##### Information

lemma invertible_inv_mat:
  fixes M :: "real mat"
  assumes "invertible_mat M" "M \<in> carrier_mat n n"
  shows "inv_mat n M \<in> carrier_mat n n" "M * inv_mat n M = 1\<^sub>m n" "inv_mat n M * M = 1\<^sub>m n"
proof -
  obtain N where N: "M * N = 1\<^sub>m n" "N * M = 1\<^sub>m (dim_row N)"
    using assms unfolding invertible_mat_def inverts_mat_def by auto
  have "dim_col N = n" using arg_cong[OF N(1), of dim_col] by simp
  moreover have "dim_row N = n" using arg_cong[OF N(2), of dim_col] assms(2) by simp
  ultimately have "\<exists>N. N \<in> carrier_mat n n \<and> M * N = 1\<^sub>m n \<and> N * M = 1\<^sub>m n" using N by auto
  from someI_ex[OF this]
  show "inv_mat n M \<in> carrier_mat n n" "M * inv_mat n M = 1\<^sub>m n" "inv_mat n M * M = 1\<^sub>m n"
    unfolding inv_mat_def by auto
qed

lemma pd_mat_congruence:
  assumes X: "pd_mat n X" and T: "T \<in> carrier_mat n n" "Tinv \<in> carrier_mat n n" "T * Tinv = 1\<^sub>m n"
  shows "pd_mat n (transpose_mat Tinv * X * Tinv)"
  unfolding pd_mat_def
proof (intro conjI ballI impI)
  have Xc: "X \<in> carrier_mat n n" and Xt: "transpose_mat X = X" using X unfolding pd_mat_def by auto
  show "transpose_mat Tinv * X * Tinv \<in> carrier_mat n n" using Xc T by auto
  show "transpose_mat (transpose_mat Tinv * X * Tinv) = transpose_mat Tinv * X * Tinv"
    using Xc Xt T by (simp add: transpose_mult[of _ n n _ n] assoc_mult_mat[of _ n n _ n _ n])
  fix v :: "real vec" assume v: "v \<in> carrier_vec n" "v \<noteq> 0\<^sub>v n"
  have "T *\<^sub>v (Tinv *\<^sub>v v) = v" using T v by (simp flip: assoc_mult_mat_vec)
  moreover have "T *\<^sub>v 0\<^sub>v n = 0\<^sub>v n" using T by (intro eq_vecI) auto
  ultimately have "Tinv *\<^sub>v v \<noteq> 0\<^sub>v n" using v by metis
  thus "0 < v \<bullet> ((transpose_mat Tinv * X * Tinv) *\<^sub>v v)"
    using X T v unfolding quadratic_form_congruence[OF Xc T(2) v(1)] pd_mat_def by auto
qed

lemma mat_diag_cong: "(\<And>i. i < n \<Longrightarrow> f i = f' i) \<Longrightarrow> mat_diag n f = mat_diag n f'"
  unfolding mat_diag_def by (intro eq_matI) auto

lemma diagonal_mat_mult_vec_index:
  fixes G :: "'a :: comm_semiring_0 mat"
  assumes "G \<in> carrier_mat n n" "diagonal_mat G" "w \<in> carrier_vec n" "i < n"
  shows "(G *\<^sub>v w) $ i = G $$ (i, i) * w $ i"
proof -
  have "(G *\<^sub>v w) $ i = (\<Sum>j\<in>{0..<n}. G $$ (i, j) * w $ j)"
    using assms by (simp add: scalar_prod_def)
  also have "\<dots> = (\<Sum>j\<in>{0..<n}. if j = i then G $$ (i, i) * w $ i else 0)"
    using assms unfolding diagonal_mat_def by (intro sum.cong) auto
  finally show ?thesis using assms by simp
qed

lemma diagonal_mat_transpose:
  assumes "G \<in> carrier_mat n n" "diagonal_mat G"
  shows "transpose_mat G = G"
  using assms unfolding diagonal_mat_def by (intro eq_matI) (auto, metis)

definition leading_block :: "nat \<Rightarrow> nat \<Rightarrow> 'a mat \<Rightarrow> 'a mat" where
  "leading_block k r M = mat k r (\<lambda>(i, j). M $$ (i, j))"

lemma append_zero_carrier_vec: "x \<in> carrier_vec r \<Longrightarrow> r \<le> n \<Longrightarrow> x @\<^sub>v 0\<^sub>v (n - r) \<in> carrier_vec n"
  using append_carrier_vec[of x r "0\<^sub>v (n - r)" "n - r"] by simp

lemma scalar_prod_vec_first:
  fixes x :: "'a :: comm_semiring_0 vec"
  assumes "x \<in> carrier_vec r" "w \<in> carrier_vec n" "r \<le> n"
  shows "x \<bullet> vec_first w r = (x @\<^sub>v 0\<^sub>v (n - r)) \<bullet> w"
proof -
  have "w = vec_first w r @\<^sub>v vec_last w (n - r)"
    using assms by (simp add: vec_first_last_append[of w r "n - r"])
  hence "(x @\<^sub>v 0\<^sub>v (n - r)) \<bullet> w = x \<bullet> vec_first w r + 0\<^sub>v (n - r) \<bullet> vec_last w (n - r)"
    using assms by (metis scalar_prod_append vec_first_carrier vec_last_carrier zero_carrier_vec)
  thus ?thesis by simp
qed

lemma leading_block_mult_vec:
  fixes M :: "'a :: comm_semiring_0 mat"
  assumes M: "M \<in> carrier_mat nr nc" and dims: "k \<le> nr" "r \<le> nc" and x: "x \<in> carrier_vec r"
  shows "leading_block k r M *\<^sub>v x = vec_first (M *\<^sub>v (x @\<^sub>v 0\<^sub>v (nc - r))) k"
proof (rule eq_vecI)
  fix i assume "i < dim_vec (vec_first (M *\<^sub>v (x @\<^sub>v 0\<^sub>v (nc - r))) k)"
  hence i: "i < k" by simp
  have "row (leading_block k r M) i = vec_first (row M i) r"
    using M dims i by (intro eq_vecI) (auto simp: leading_block_def vec_first_def)
  hence "(leading_block k r M *\<^sub>v x) $ i = x \<bullet> vec_first (row M i) r"
    using i x by (simp add: leading_block_def comm_scalar_prod[of _ r x])
  also have "\<dots> = (x @\<^sub>v 0\<^sub>v (nc - r)) \<bullet> row M i"
    using M dims x by (intro scalar_prod_vec_first) auto
  also have "\<dots> = vec_first (M *\<^sub>v (x @\<^sub>v 0\<^sub>v (nc - r))) k $ i"
  proof -
    have "x @\<^sub>v 0\<^sub>v (nc - r) \<in> carrier_vec nc" "row M i \<in> carrier_vec nc"
      using M dims i append_zero_carrier_vec[OF x dims(2)] by auto
    thus ?thesis using M dims i by (simp add: vec_first_def comm_scalar_prod[of _ nc])
  qed
  finally show "(leading_block k r M *\<^sub>v x) $ i = vec_first (M *\<^sub>v (x @\<^sub>v 0\<^sub>v (nc - r))) k $ i" .
qed (simp add: leading_block_def)

lemma diagonal_mat_leading_block:
  assumes "G \<in> carrier_mat n n" "diagonal_mat G" "r \<le> n"
  shows "diagonal_mat (leading_block r r G)"
  using assms unfolding diagonal_mat_def leading_block_def by auto

lemma leading_block_diagonal_mult_vec:
  fixes G :: "'a :: comm_semiring_0 mat"
  assumes G: "G \<in> carrier_mat n n" "diagonal_mat G" and r: "r \<le> n" and w: "w \<in> carrier_vec n"
  shows "leading_block r r G *\<^sub>v vec_first w r = vec_first (G *\<^sub>v w) r"
proof (rule eq_vecI)
  fix i assume "i < dim_vec (vec_first (G *\<^sub>v w) r)"
  hence i: "i < r" by simp
  have "leading_block r r G \<in> carrier_mat r r" by (simp add: leading_block_def)
  thus "(leading_block r r G *\<^sub>v vec_first w r) $ i = vec_first (G *\<^sub>v w) r $ i"
    using diagonal_mat_mult_vec_index[OF _ diagonal_mat_leading_block[OF G r] _ i]
      diagonal_mat_mult_vec_index[OF G w] i r
    by (simp add: leading_block_def vec_first_def)
qed (simp add: leading_block_def)

lemma pd_mat_leading_block:
  assumes G: "pd_mat n G" and r: "r \<le> n"
  shows "pd_mat r (leading_block r r G)"
  unfolding pd_mat_def
proof (intro conjI ballI impI)
  have Gc: "G \<in> carrier_mat n n" and Gt: "transpose_mat G = G" using G unfolding pd_mat_def by auto
  show "leading_block r r G \<in> carrier_mat r r" by (simp add: leading_block_def)
  show "transpose_mat (leading_block r r G) = leading_block r r G"
  proof (rule eq_matI)
    fix i j assume "i < dim_row (leading_block r r G)" "j < dim_col (leading_block r r G)"
    hence "i < n" "j < n" using r by (auto simp: leading_block_def)
    hence "G $$ (j, i) = G $$ (i, j)" using Gc by (metis Gt carrier_matD index_transpose_mat(1))
    thus "transpose_mat (leading_block r r G) $$ (i, j) = leading_block r r G $$ (i, j)"
      using \<open>i < dim_row _\<close> \<open>j < dim_col _\<close> by (simp add: leading_block_def)
  qed (simp_all add: leading_block_def)
  fix v :: "real vec" assume v: "v \<in> carrier_vec r" "v \<noteq> 0\<^sub>v r"
  have "v @\<^sub>v 0\<^sub>v (n - r) \<noteq> 0\<^sub>v r @\<^sub>v 0\<^sub>v (n - r)" using v by simp
  moreover have "0\<^sub>v r @\<^sub>v 0\<^sub>v (n - r) = (0\<^sub>v n :: real vec)" using r by (intro eq_vecI) auto
  moreover note vc = append_zero_carrier_vec[OF v(1) r]
  ultimately have "0 < (v @\<^sub>v 0\<^sub>v (n - r)) \<bullet> (G *\<^sub>v (v @\<^sub>v 0\<^sub>v (n - r)))"
    using G unfolding pd_mat_def by auto
  also have "\<dots> = v \<bullet> (leading_block r r G *\<^sub>v v)"
    using Gc leading_block_mult_vec[OF Gc r r v(1)]
      scalar_prod_vec_first[OF v(1) mult_mat_vec_carrier[OF Gc vc] r] by simp
  finally show "0 < v \<bullet> (leading_block r r G *\<^sub>v v)" .
qed
(* Let $X=\{0,1\}$ and $k\ge2$. The classes $\mathcal A_k$ and $\mathcal R_k$ of aperiodic and of regular $k$-partitions of $X^\omega$ are each closed under the unary operations $q_0,\ldots,q_{k-1}$ and the binary operation $\cdot$.
   Context: $\mathcal R_k$ ($\mathcal A_k$): functions $X^\omega\to\bar k=\{0,\dots,k-1\}$ all of whose preimages are regular (aperiodic) $\omega$-languages (recognised by deterministic Muller acceptors, resp. with aperiodic automaton). Let $\tilde0=110000$, $\tilde1=110100$, $\tilde2=110010$ and $f:\{0,1,2\}^\omega\to\{0,1\}^\omega$, $f(x_0x_1\cdots)=\tilde x_0\tilde x_1\cdots$. For $A:X^\omega\to\bar k$ and $i<k$, $q_i(A)(\xi)=i$ if $\xi\notin f(\{0,1,2\}^\omega)$ or $\xi[n,n+6)=\tilde 2$ for infinitely many $n$; $q_i(A)(\xi)=A(\eta)$ if $\xi=f(\eta)$ with $\eta\in\{0,1\}^\omega$; $q_i(A)(\xi)=A(\eta)$ if $\xi=f(\sigma2\eta)$ with $\sigma\in\{0,1,2\}^*$ and $\eta\in\{0,1\}^\omega$. Let $g:X^\omega\to X^\omega$, $g(x_0x_1\cdots)=\tilde x_0\tilde2\tilde x_1\tilde2\cdots$ (and similarly on finite words). For $A,B:X^\omega\to\bar k$: $(A\cdot B)(\xi)=A(\eta)$ if $\xi=g(\eta)$; and $(A\cdot B)(\xi)=B(\eta)$ if $\xi=g(u)\,v\,\eta$ with $u\in X^*$, $\eta\in X^\omega$, and $v\in X^+$ the shortest word with $g(u)vX^\omega\cap g(X^\omega)=\emptyset$. *)

theory Defs
  imports Main "HOL-Library.Omega_Words_Fun"
begin

text \<open>Binary alphabet X = {0,1} is represented by type bool (1 = True, 0 = False).
  omega-words are 'a word = nat => 'a (HOL-Library.Omega_Words_Fun).\<close>

definition run :: "(nat \<Rightarrow> 'a \<Rightarrow> nat) \<Rightarrow> nat \<Rightarrow> 'a word \<Rightarrow> nat \<Rightarrow> nat" where
  "run \<delta> q0 \<xi> n = foldl \<delta> q0 (map \<xi> [0..<n])"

##########

▶ **Prompt**:
Your job is to print exactly the lines that run from the top of the entries through the line with "using assms unfolding invertible_mat_def", and no others.

▶ **Answer section**:
lemma invertible_inv_mat:
  fixes M :: "real mat"
  assumes "invertible_mat M" "M \<in> carrier_mat n n"
  shows "inv_mat n M \<in> carrier_mat n n" "M * inv_mat n M = 1\<^sub>m n" "inv_mat n M * M = 1\<^sub>m n"
proof -
  obtain N where N: "M * N = 1\<^sub>m n" "N * M = 1\<^sub>m (dim_row N)"
    using assms unfolding invertible_mat_def inverts_mat_def by auto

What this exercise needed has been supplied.